Tensiones en la familia ultra
Esta tensión dentro de AfD se extiende a la familia política ultraderechista europea. La guerra contra Irán genera un cisma con tres posiciones principales: los indecisos, los que apoyan la guerra y los que se oponen.
El primer ministro húngaro, Viktor Orbán, ha mantenido silencio, evitando apoyar o condenar los ataques contra Irán. Orbán se encuentra en plena campaña electoral y la guerra llega en un momento delicado.
El líder ultraderechista francés Jordan Bardella ha intentado mantener un equilibrio, centrándose en el impacto económico negativo de la guerra para los ciudadanos franceses.

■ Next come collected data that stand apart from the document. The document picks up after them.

lemma strictly_monotone_grad_D1:
  fixes R1 :: "real ^ 'b::finite ^ 'a::finite"
  assumes mono: "strictly_monotone_on Zset (Fop R1 R2 eps1 eps2 nu1 nu2 D1 D2)"
    and opp: "opp \<in> prob_simplex"
  shows "strictly_monotone_on prob_simplex (grad (\<lambda>p. D1 p opp))"
  unfolding strictly_monotone_on_def
proof (intro ballI impI)
  fix p q :: "real ^ 'b"
  assume p: "p \<in> prob_simplex" and q: "q \<in> prob_simplex" and "p \<noteq> q"
  define c :: "real ^ 'a" where "c = (\<chi> i. 1 / real CARD('a))"
  have Z: "(c, opp, p, c) \<in> Zset" "(c, opp, q, c) \<in> Zset"
    using p q opp uniform_in_prob_simplex unfolding c_def Zset_def by simp_all
  have "(c, opp, p, c) \<noteq> (c, opp, q, c)"
    using \<open>p \<noteq> q\<close> by simp
  from mono[unfolded strictly_monotone_on_def, rule_format, OF Z this]
  show "0 < (p - q) \<bullet> (grad (\<lambda>p. D1 p opp) p - grad (\<lambda>p. D1 p opp) q)"
    by (simp add: Fop_def)
qed

lemma strictly_monotone_grad_D2:
  fixes R1 :: "real ^ 'b::finite ^ 'a::finite"
  assumes mono: "strictly_monotone_on Zset (Fop R1 R2 eps1 eps2 nu1 nu2 D1 D2)"
    and opp: "opp \<in> prob_simplex"
  shows "strictly_monotone_on prob_simplex (grad (\<lambda>p. D2 p opp))"
  unfolding strictly_monotone_on_def
proof (intro ballI impI)
  fix p q :: "real ^ 'a"
  assume p: "p \<in> prob_simplex" and q: "q \<in> prob_simplex" and "p \<noteq> q"
  define c :: "real ^ 'b" where "c = (\<chi> i. 1 / real CARD('b))"
  have Z: "(opp, c, c, p) \<in> Zset" "(opp, c, c, q) \<in> Zset"
    using p q opp uniform_in_prob_simplex unfolding c_def Zset_def by simp_all
  have "(opp, c, c, p) \<noteq> (opp, c, c, q)"
    using \<open>p \<noteq> q\<close> by simp
  from mono[unfolded strictly_monotone_on_def, rule_format, OF Z this]
  show "0 < (p - q) \<bullet> (grad (\<lambda>p. D2 p opp) p - grad (\<lambda>p. D2 p opp) q)"
    by (simp add: Fop_def)
qed

lemma RQE_extends_to_solution_of_VI:
  fixes R1 :: "real ^ 'b::finite ^ 'a::finite"
  assumes nu1: "\<forall>x\<in>prob_simplex. nu1 differentiable (at x)"
    and nu2: "\<forall>x\<in>prob_simplex. nu2 differentiable (at x)"
    and D1: "\<forall>w\<in>prob_simplex \<times> prob_simplex. (\<lambda>(p, q). D1 p q) differentiable (at w)"
    and D2: "\<forall>w\<in>prob_simplex \<times> prob_simplex. (\<lambda>(p, q). D2 p q) differentiable (at w)"
    and mono: "strictly_monotone_on Zset (Fop R1 R2 eps1 eps2 nu1 nu2 D1 D2)"
    and rqe: "is_RQE R1 R2 eps1 eps2 nu1 nu2 D1 D2 pi1 pi2"
  shows "\<exists>p1 p2. solves_VI Zset (Fop R1 R2 eps1 eps2 nu1 nu2 D1 D2) (pi1, pi2, p1, p2)"
proof -
  have pi: "pi1 \<in> prob_simplex" "pi2 \<in> prob_simplex"
    using rqe unfolding is_RQE_def by simp_all
  have "\<forall>p\<in>prob_simplex. (\<lambda>p. D1 p pi2) differentiable (at p)"
    using D1 pi(2) differentiable_at_partial_first by fastforce
  then obtain p1 where p1:
      "solves_VI prob_simplex (\<lambda>p. transpose R1 *v pi1 + grad (\<lambda>p. D1 p pi2) p) p1"
      "solves_VI prob_simplex (\<lambda>s. - (R1 *v p1) + eps1 *\<^sub>R grad nu1 s) pi1"
    using best_response_solves_VIs[where D = D1 and opp = pi2 and s = pi1,
        OF _ _ strictly_monotone_grad_D1[OF mono pi(2)] pi(2) pi(1)]
      nu1 pi(1) rqe unfolding is_RQE_def by blast
  have "\<forall>p\<in>prob_simplex. (\<lambda>p. D2 p pi1) differentiable (at p)"
    using D2 pi(1) differentiable_at_partial_first by fastforce
  then obtain p2 where p2:
      "solves_VI prob_simplex (\<lambda>p. transpose R2 *v pi2 + grad (\<lambda>p. D2 p pi1) p) p2"
      "solves_VI prob_simplex (\<lambda>s. - (R2 *v p2) + eps2 *\<^sub>R grad nu2 s) pi2"
    using best_response_solves_VIs[where D = D2 and opp = pi1 and s = pi2,
        OF _ _ strictly_monotone_grad_D2[OF mono pi(1)] pi(1) pi(2)]
      nu2 pi(2) rqe unfolding is_RQE_def by blast
  have "0 \<le> Fop R1 R2 eps1 eps2 nu1 nu2 D1 D2 (pi1, pi2, p1, p2) \<bullet> (z - (pi1, pi2, p1, p2))"
    if "z \<in> Zset" for z
    using that p1 p2 unfolding solves_VI_def Zset_def
    by (cases z) (simp add: Fop_def add_nonneg_nonneg)
  then show ?thesis
    using pi p1 p2 unfolding solves_VI_def Zset_def by blast
qed

theorem proposition1:
  fixes R1 :: "real ^ 'b::finite ^ 'a::finite"
    and R2 :: "real ^ 'a ^ 'b"
    and eps1 eps2 :: real
    and nu1 :: "real ^ 'a \<Rightarrow> real" and nu2 :: "real ^ 'b \<Rightarrow> real"
    and D1 :: "real ^ 'b \<Rightarrow> real ^ 'b \<Rightarrow> real"
    and D2 :: "real ^ 'a \<Rightarrow> real ^ 'a \<Rightarrow> real"
    and U1 :: "(real ^ 'a) set" and U2 :: "(real ^ 'b) set"
    and W1 :: "((real ^ 'b) \<times> (real ^ 'b)) set" and W2 :: "((real ^ 'a) \<times> (real ^ 'a)) set"
  assumes eps: "eps1 > 0" "eps2 > 0"
    and U1: "open U1" "prob_simplex \<subseteq> U1" "strictly_convex_on U1 nu1"
            "\<forall>x\<in>U1. nu1 differentiable (at x)"
    and U2: "open U2" "prob_simplex \<subseteq> U2" "strictly_convex_on U2 nu2"
            "\<forall>x\<in>U2. nu2 differentiable (at x)"
    and W1: "open W1" "prob_simplex \<times> prob_simplex \<subseteq> W1"
            "\<forall>w\<in>W1. (\<lambda>(p, q). D1 p q) differentiable (at w)"
            "\<forall>q\<in>prob_simplex. convex_on prob_simplex (\<lambda>p. D1 p q)"
    and W2: "open W2" "prob_simplex \<times> prob_simplex \<subseteq> W2"
            "\<forall>w\<in>W2. (\<lambda>(p, q). D2 p q) differentiable (at w)"
            "\<forall>q\<in>prob_simplex. convex_on prob_simplex (\<lambda>p. D2 p q)"
    and mono: "strictly_monotone_on Zset (Fop R1 R2 eps1 eps2 nu1 nu2 D1 D2)"
    and rqe: "is_RQE R1 R2 eps1 eps2 nu1 nu2 D1 D2 pi1 pi2"
    and rqe': "is_RQE R1 R2 eps1 eps2 nu1 nu2 D1 D2 pi1' pi2'"
  shows "pi1 = pi1' \<and> pi2 = pi2'"
proof -
  note VI = RQE_extends_to_solution_of_VI[of nu1 nu2 D1 D2 R1 R2 eps1 eps2]
  have nu: "\<forall>x\<in>prob_simplex. nu1 differentiable (at x)" "\<forall>x\<in>prob_simplex. nu2 differentiable (at x)"
    using U1 U2 by blast+
  have D: "\<forall>w\<in>prob_simplex \<times> prob_simplex. (\<lambda>(p, q). D1 p q) differentiable (at w)"
    "\<forall>w\<in>prob_simplex \<times> prob_simplex. (\<lambda>(p, q). D2 p q) differentiable (at w)"
    using W1 W2 by blast+
  obtain p1 p2 where "solves_VI Zset (Fop R1 R2 eps1 eps2 nu1 nu2 D1 D2) (pi1, pi2, p1, p2)"
    using VI[OF nu D mono rqe] by blast
  moreover obtain p1' p2' where "solves_VI Zset (Fop R1 R2 eps1 eps2 nu1 nu2 D1 D2) (pi1', pi2', p1', p2')"
    using VI[OF nu D mono rqe'] by blast
  ultimately have "(pi1, pi2, p1, p2) = (pi1', pi2', p1', p2')"
    using solves_VI_unique[OF mono] by blast
  then show ?thesis
    by simp
qed

end
(* Let $\mathcal{S}$ be a nonempty semigroup such that $|\mathcal{S}\setminus E(\mathcal{S})|$ is finite, and let $T$ be an $\mathcal{S}$-valued sequence of length $|\mathcal{S}\setminus E(\mathcal{S})|$. Then $\prod(T)\cap E(\mathcal{S})=\emptyset$ if and only if $\mathcal{R}=\langle \mathrm{supp}(T)\rangle$ is a finite commutative semigroup with $\mathcal{S}\setminus\mathcal{R}\subseteq E(\mathcal{S})$, the universal semilattice $Y(\mathcal{R})$ is a chain, $x_1*x_2=x_1$ for all $x_1,x_2\in\mathcal{R}$ with $x_1\lneqq_{\mathcal{N}_{\mathcal{R}}} x_2$, and moreover: (i) each archimedean component of $\mathcal{R}$ is either a finite cyclic semigroup $\langle x\rangle$ with $x\in\mathrm{supp}(T)$ and $\mathcal{I}(x)\equiv 1\pmod{\mathcal{P}(x)}$, or an ideal extension of a nontrivial finite cyclic group $\langle x_2\rangle$ by a nontrivial finite cyclic nilsemigroup $\langle x_1\rangle$ with $x_1,x_2\in\mathrm{supp}(T)$ and with the partial homomorphism $\varphi^{\langle x_1\rangle}_{\langle x_2\rangle}$ trivial, i.e. $\varphi^{\langle x_1\rangle}_{\langle x_2\rangle}(x_1)=x_1*e_{\langle x_2\rangle}=e_{\langle x_2\rangle}$, where $e_{\langle x_2\rangle}$ is the identity element of the group $\langle x_2\rangle$; (ii) $\mathrm{v}_x(T)=\mathcal{I}(x)+\mathcal{P}(x)-2$ for each $x\in\mathrm{supp}(T)$.
   Context: $(\mathcal{S},* )$ is a semigroup, $E(\mathcal{S})=\{e\in\mathcal{S}: e*e=e\}$. For a finite sequence $T$ of elements of $\mathcal{S}$: $\prod(T)$ is the set of all products of the terms of nonempty subsequences of $T$ taken in every possible order; $\mathrm{supp}(T)$ is the set of elements occurring in $T$; $\mathrm{v}_x(T)$ is the number of times $x$ occurs in $T$. $\langle X\rangle$ is the subsemigroup generated by $X$. For $x$ with $\langle x\rangle$ finite, the index $\mathcal{I}(x)$ is the least $r>0$ with $x^r=x^t$ for some positive $t\neq r$, and the period $\mathcal{P}(x)$ is the least $k>0$ with $x^{\mathcal{I}(x)+k}=x^{\mathcal{I}(x)}$. For a commutative semigroup $\mathcal{R}$: $a\leqq_{\mathcal{N}_{\mathcal{R}}} b$ means $a^m=b*c$ for some $c\in\mathcal{R}$ and integer $m>0$; $a\,\mathcal{N}_{\mathcal{R}}\,b$ means $a\leqq b$ and $b\leqq a$; $a\lneqq_{\mathcal{N}_{\mathcal{R}}} b$ means $a\leqq b$ but not $b\leqq a$. $\mathcal{N}_{\mathcal{R}}$ is a congruence, the quotient $Y(\mathcal{R})=\mathcal{R}/\mathcal{N}_{\mathcal{R}}$ is a semilattice (the universal semilattice), and its classes are the archimedean components of $\mathcal{R}$. A nilsemigroup is a semigroup with zero $0$ in which every element has some power equal to $0$. If $G$ is an ideal of a semigroup $B$ and $Q$ is the Rees quotient $B/G$ (collapsing $G$ to a zero), $B$ is called an ideal extension of $G$ by $Q$; when $B$ is a finite commutative archimedean semigroup that is an ideal extension of a group $G$ by a nilsemigroup $N$, the associated partial homomorphism $\varphi^N_G: N\setminus\{0_N\}=B\setminus G\to G$ is $a\mapsto a*e_G$, with $e_G$ the identity of $G$. *)

theory Defs
  imports Main
begin

(* The semigroup S is the whole type 'a of class semigroup_mult (operation * ). *)

definition Idem :: "'a::semigroup_mult set" where
  "Idem = {e. e * e = e}"

(* product of a nonempty list (semigroups have no unit) *)
fun sprod :: "'a::semigroup_mult list \<Rightarrow> 'a" where
  "sprod [] = undefined"
| "sprod [x] = x"
| "sprod (x # y # xs) = x * sprod (y # xs)"

(* positive powers x^n, n \<ge> 1 *)
definition pw :: "'a::semigroup_mult \<Rightarrow> nat \<Rightarrow> 'a" where
  "pw x n = sprod (replicate n x)"

(* \<Pi>(T): products of the terms of nonempty subsequences of T, taken in every order *)
definition Prods :: "'a::semigroup_mult list \<Rightarrow> 'a set" where
  "Prods T = {sprod (map (\<lambda>i. T ! i) is) | is.
                 is \<noteq> [] \<and> distinct is \<and> set is \<subseteq> {..<length T}}"

inductive_set gen :: "'a::semigroup_mult set \<Rightarrow> 'a set" for X where
  gen_base: "x \<in> X \<Longrightarrow> x \<in> gen X"
| gen_mult: "a \<in> gen X \<Longrightarrow> b \<in> gen X \<Longrightarrow> a * b \<in> gen X"

definition idx :: "'a::semigroup_mult \<Rightarrow> nat" where
  "idx x = (LEAST r. r > 0 \<and> (\<exists>t>0. t \<noteq> r \<and> pw x r = pw x t))"

definition per :: "'a::semigroup_mult \<Rightarrow> nat" where
  "per x = (LEAST k. k > 0 \<and> pw x (idx x + k) = pw x (idx x))"

definition Nle :: "'a::semigroup_mult set \<Rightarrow> 'a \<Rightarrow> 'a \<Rightarrow> bool" where
  "Nle R a b \<longleftrightarrow> (\<exists>c\<in>R. \<exists>m>0. pw a m = b * c)"

definition Neq :: "'a::semigroup_mult set \<Rightarrow> 'a \<Rightarrow> 'a \<Rightarrow> bool" where
  "Neq R a b \<longleftrightarrow> Nle R a b \<and> Nle R b a"

definition Nless :: "'a::semigroup_mult set \<Rightarrow> 'a \<Rightarrow> 'a \<Rightarrow> bool" where
  "Nless R a b \<longleftrightarrow> Nle R a b \<and> \<not> Nle R b a"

Entre las voces que apoyan la agresión contra Irán se encuentran Vox y Reform UK, de Nigel Farage. Santiago Abascal, de Vox, expresó su esperanza en la caída de la República Islámica y criticó al Gobierno español por no permitir el uso de bases militares a EEUU. Farage ha atacado al primer ministro británico por poner en peligro la “relación especial” con EEUU.
La primera ministra italiana, Giorgia Meloni, encabeza la facción más crítica con la agresión. Aunque inicialmente su gobierno justificó los ataques, Meloni declaró que Italia no está en guerra ni quiere entrar en ella, reconociendo que el ataque está “fuera del derecho internacional”.
Estas declaraciones sitúan a Meloni más cerca de Pedro Sánchez que de Santiago Abascal en la cuestión iraní, un síntoma de las contradicciones a las que se enfrentan los líderes de la ultraderecha europea, alineados en el pasado con el movimiento MAGA de Trump, y que ahora ven cómo ello les puede afectar por las consecuencias de la guerra contra Irán.